Such a simple, direct question. But there it was.

  “I don’t know.” Jay looked around at the cluttered, roughhewn office and at the door flanking Myra’s desk that led back to the ex-cutthroats’ personal quarters. “I sure wish Slash and Pecos were here, though. I’ll tell you that.”

  “I reckon what we need to find out is when this robbery is supposed to take place.”

  “Yes, but how?” Jay said.

  “Right . . .”

  Jay sipped her milk and pondered the problem. “Or, maybe . . .”

  “Or what?” Myra asked.

  “We could turn it over to the sheriff, let him take care of it.”

  “The sheriff isn’t in town,” Myra said, running a thumbnail around the milky rim of her glass.

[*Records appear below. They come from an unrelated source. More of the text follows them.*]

(* Let $R$ be a commutative ring and let $g(x)=\sum_{i\ge0}a_ix^i$ and $h(x)=\sum_{i\ge0}b_ix^i$ be formal power series in $R[[x]]$. Then $$g(x)\,h(x)=\sum_{m=0}^{\infty}x^m\sum_{k=0}^{m}\sigma_k\sum_{j=k}^{m}T(k+m-j,k)\,T(j,k)\Bigl(\sum_{t=j-k}^{j}T(k,j-t)\,\sigma_t\,a_t\Bigr)\Bigl(\sum_{t=j-k}^{j}T(k,j-t)\,\sigma_t\,b_t\Bigr).$$
   Context: For integers $0\le k\le n$, $T(n,k)=1$ if the bitwise AND of the binary expansions of $k$ and $n-k$ is $0$, and $T(n,k)=0$ otherwise (equivalently $T(n,k)=\binom{n}{k}\bmod 2$; this is the Sierpiński triangle, OEIS A047999). For an integer $k\ge0$, $\sigma_k=-1$ if the number of ones in the binary expansion of $k$ is odd and $\sigma_k=1$ otherwise. *)

theory Defs
  imports Main "HOL-Computational_Algebra.Formal_Power_Series"
begin

definition sierp :: "nat \<Rightarrow> nat \<Rightarrow> int" where
  "sierp n k = (if k \<le> n \<and> and k (n - k) = 0 then 1 else 0)"

fun popcount :: "nat \<Rightarrow> nat" where
  "popcount n = (if n = 0 then 0 else n mod 2 + popcount (n div 2))"

declare popcount.simps[simp del]

definition sgnpc :: "nat \<Rightarrow> int" where
  "sgnpc k = (if odd (popcount k) then -1 else 1)"

end

theory Submission
  imports Defs "HOL-Library.Nat_Bijection"
begin

(* Identify a natural number with the set of positions of its binary digits (set_decode).
   Then T(n,k) = 1 iff k is a subset of n, T(k+r,k) = 1 iff k and r are disjoint, and
   sigma_k = (-1)^|k|.  In the m-th coefficient of the right-hand side, the coefficient of
   a_p b_q is a double sum over k within j, j <= m.  For fixed j the sum over k is an
   alternating sum over an interval of the Boolean lattice, so it vanishes unless the interval
   is a single point, i.e. unless p, q lie within j and j AND (m - j) = p AND q.  Because
   x + y = (x OR y) + (x AND y), this says that j lies between p OR q and m - (p AND q), and the
   remaining alternating sum over j is again an interval sum: it is 1 if
   m - (p AND q) = p OR q, i.e. m = p + q, and 0 otherwise. *)

lemma set_decode_inject [simp]: "set_decode x = set_decode y \<longleftrightarrow> x = y"
  by (metis set_decode_inverse)

lemma set_decode_eq_empty_iff [simp]: "set_decode x = {} \<longleftrightarrow> x = 0"
  using set_decode_inject[of x 0] by simp

lemma bit_iff_in_set_decode: "bit x n \<longleftrightarrow> n \<in> set_decode x"
  by (simp add: set_decode_def bit_iff_odd)

lemma set_decode_and: "set_decode (and x y) = set_decode x \<inter> set_decode y"
  by (auto simp flip: bit_iff_in_set_decode simp: bit_and_iff)

lemma set_decode_or: "set_decode (or x y) = set_decode x \<union> set_decode y"
  by (auto simp flip: bit_iff_in_set_decode simp: bit_or_iff)

lemma set_decode_add:
  assumes "set_decode x \<inter> set_decode y = {}"
  shows "set_decode (x + y) = set_decode x \<union> set_decode y"
proof -
  have "and x y = 0"
    using assms by (simp flip: set_decode_and)
  then show ?thesis
    by (simp add: disjunctive_add_eq_or set_decode_or)
qed

lemma set_decode_diff:
  assumes "set_decode k \<subseteq> set_decode n"
  shows "set_decode (n - k) = set_decode n - set_decode k"
proof -
  define d where "d = set_encode (set_decode n - set_decode k)"
  have d: "set_decode d = set_decode n - set_decode k"
    by (simp add: d_def)
  with assms have "set_decode (k + d) = set_decode n"
    by (subst set_decode_add) auto
  then have "n - k = d"
    by simp
  with d show ?thesis
    by simp
qed

lemma add_eq_or_add_and: "(x::nat) + y = or x y + and x y"
proof -
  have "int (x + y) = int (or x y + and x y)"
    using plus_and_or[of "int x" "int y"] by (simp add: of_nat_and_eq of_nat_or_eq)
  then show ?thesis
    by (simp only: of_nat_eq_iff)
qed

lemma sierp_eq_subset: "sierp n k = (if set_decode k \<subseteq> set_decode n then 1 else 0)"
proof -
  have "k \<le> n \<and> and k (n - k) = 0 \<longleftrightarrow> set_decode k \<subseteq> set_decode n"
  proof
    assume "k \<le> n \<and> and k (n - k) = 0"
    then have "set_decode n = set_decode k \<union> set_decode (n - k)"
      using set_decode_add[of k "n - k"] by (simp flip: set_decode_and)
    then show "set_decode k \<subseteq> set_decode n"
      by blast
  next
    assume "set_decode k \<subseteq> set_decode n"
    moreover have "set_decode (and k (n - k)) = {}"
      using calculation by (simp add: set_decode_and set_decode_diff)
    ultimately show "k \<le> n \<and> and k (n - k) = 0"
      by (simp add: subset_decode_imp_le)
  qed
  then show ?thesis
    by (simp add: sierp_def)
qed

lemma sierp_add_self: "sierp (k + r) k = (if set_decode k \<inter> set_decode r = {} then 1 else 0)"
  by (simp add: sierp_def flip: set_decode_and)

lemma popcount_eq_card: "popcount n = card (set_decode n)"
proof (induction n rule: less_induct)
  case (less n)
  show ?case
  proof (cases "n = 0")
    case True
    then show ?thesis
      by (simp add: popcount.simps)
  next
    case False
    have digits: "set_decode n = (if odd n then {0} else {}) \<union> Suc ` set_decode (n div 2)"
    proof (rule set_eqI)
      show "i \<in> set_decode n \<longleftrightarrow> i \<in> (if odd n then {0} else {}) \<union> Suc ` set_decode (n div 2)" for i
        by (cases i) auto
    qed
    have "popcount (n div 2) = card (set_decode (n div 2))"
      using less False by simp
    with False show ?thesis
      by (subst popcount.simps) (auto simp: digits card_image odd_iff_mod_2_eq_one)
  qed
qed

lemma sgnpc_eq_card: "sgnpc n = (-1) ^ card (set_decode n)"
  by (simp add: sgnpc_def popcount_eq_card)

lemma sum_alternating_interval:
  assumes "finite X"
  shows "(\<Sum>K | A \<subseteq> K \<and> K \<subseteq> X. (-1) ^ card K) = (if A = X then (-1) ^ card A else (0::'a::ring_1))"
proof -
  consider "A \<subset> X" | "A = X" | "\<not> A \<subseteq> X"
    by blast
  then show ?thesis
  proof cases
    case 1
    have "finite {K. A \<subseteq> K \<and> K \<subseteq> X}"
      using assms by (simp add: finite_subset[of _ "Pow X"] subset_iff)
    moreover have "card {K. K \<in> {K. A \<subseteq> K \<and> K \<subseteq> X} \<and> even (card K)}
        = card {K. K \<in> {K. A \<subseteq> K \<and> K \<subseteq> X} \<and> odd (card K)}"
      using card_subsupersets_even_odd[OF assms 1] by (simp add: conj_ac)
    ultimately have "(\<Sum>K | A \<subseteq> K \<and> K \<subseteq> X. (-1) ^ card K) = (0::'a)"
      by (rule sum_alternating_cancels)
    with 1 show ?thesis
      by auto
  next
    case 2
    then have "{K. A \<subseteq> K \<and> K \<subseteq> X} = {X}"
      by auto
    with 2 show ?thesis
      by simp
  next
    case 3
    then have empty: "{K. A \<subseteq> K \<and> K \<subseteq> X} = {}" and "A \<noteq> X"
      by auto
    then show ?thesis
      by (simp only: empty sum.empty if_False)
  qed
qed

  Jay frowned at her. “How do you know?”

  “Delbert told me.”

  “Delbert?”

  “Delbert Thayer. One of Matt McGuire’s deputies.” Matt McGuire was the Larimer County Sheriff.

  “Is that the . . . the . . . young man I’ve seen mooning around after you . . . ?”

  Jay had seen a tall, skinny young man following Myra around the freight yard while she’d been doing her chores, his hat in his hands, or perched atop a corral, snapping lucifer matches to life on his thumbnail. Jay had thought she’d seen a badge on the young man’s shirt.

  “One and the same,” Myra said with a weary sigh. “I met him in the post office and he’s been doggin’ my heels ever since. Wants me to go on a picnic or some such, as though I had time for such foolishness.” She shook her head full of auburn curls in disgust. “Anyways, he told me the sheriff is away at some convention of mucky-mucks down in Santa Fe. While he’s gone, he’s seein’ some sawbones down there about an ache he’s been having in his belly. Won’t be back for a while. So it’s just Delbert and McGuire’s two other deputies—both dumb as posts and useless as gophers, if you ask me—holding down the fort. Er, the courthouse, leastways . . .”

  Jay chuckled as she stared at the girl. Myra was as pretty as they came, and it amused Jay that she had no time for the opposite sex. At least, none her age. It was the big, lumbering, and much older Pecos she’d set her hat for. In that way, as in so many other ways, Myra reminded Jay of herself back when she’d fallen for the mossy-horned old hoorawer, Pistol Pete Johnson. . . .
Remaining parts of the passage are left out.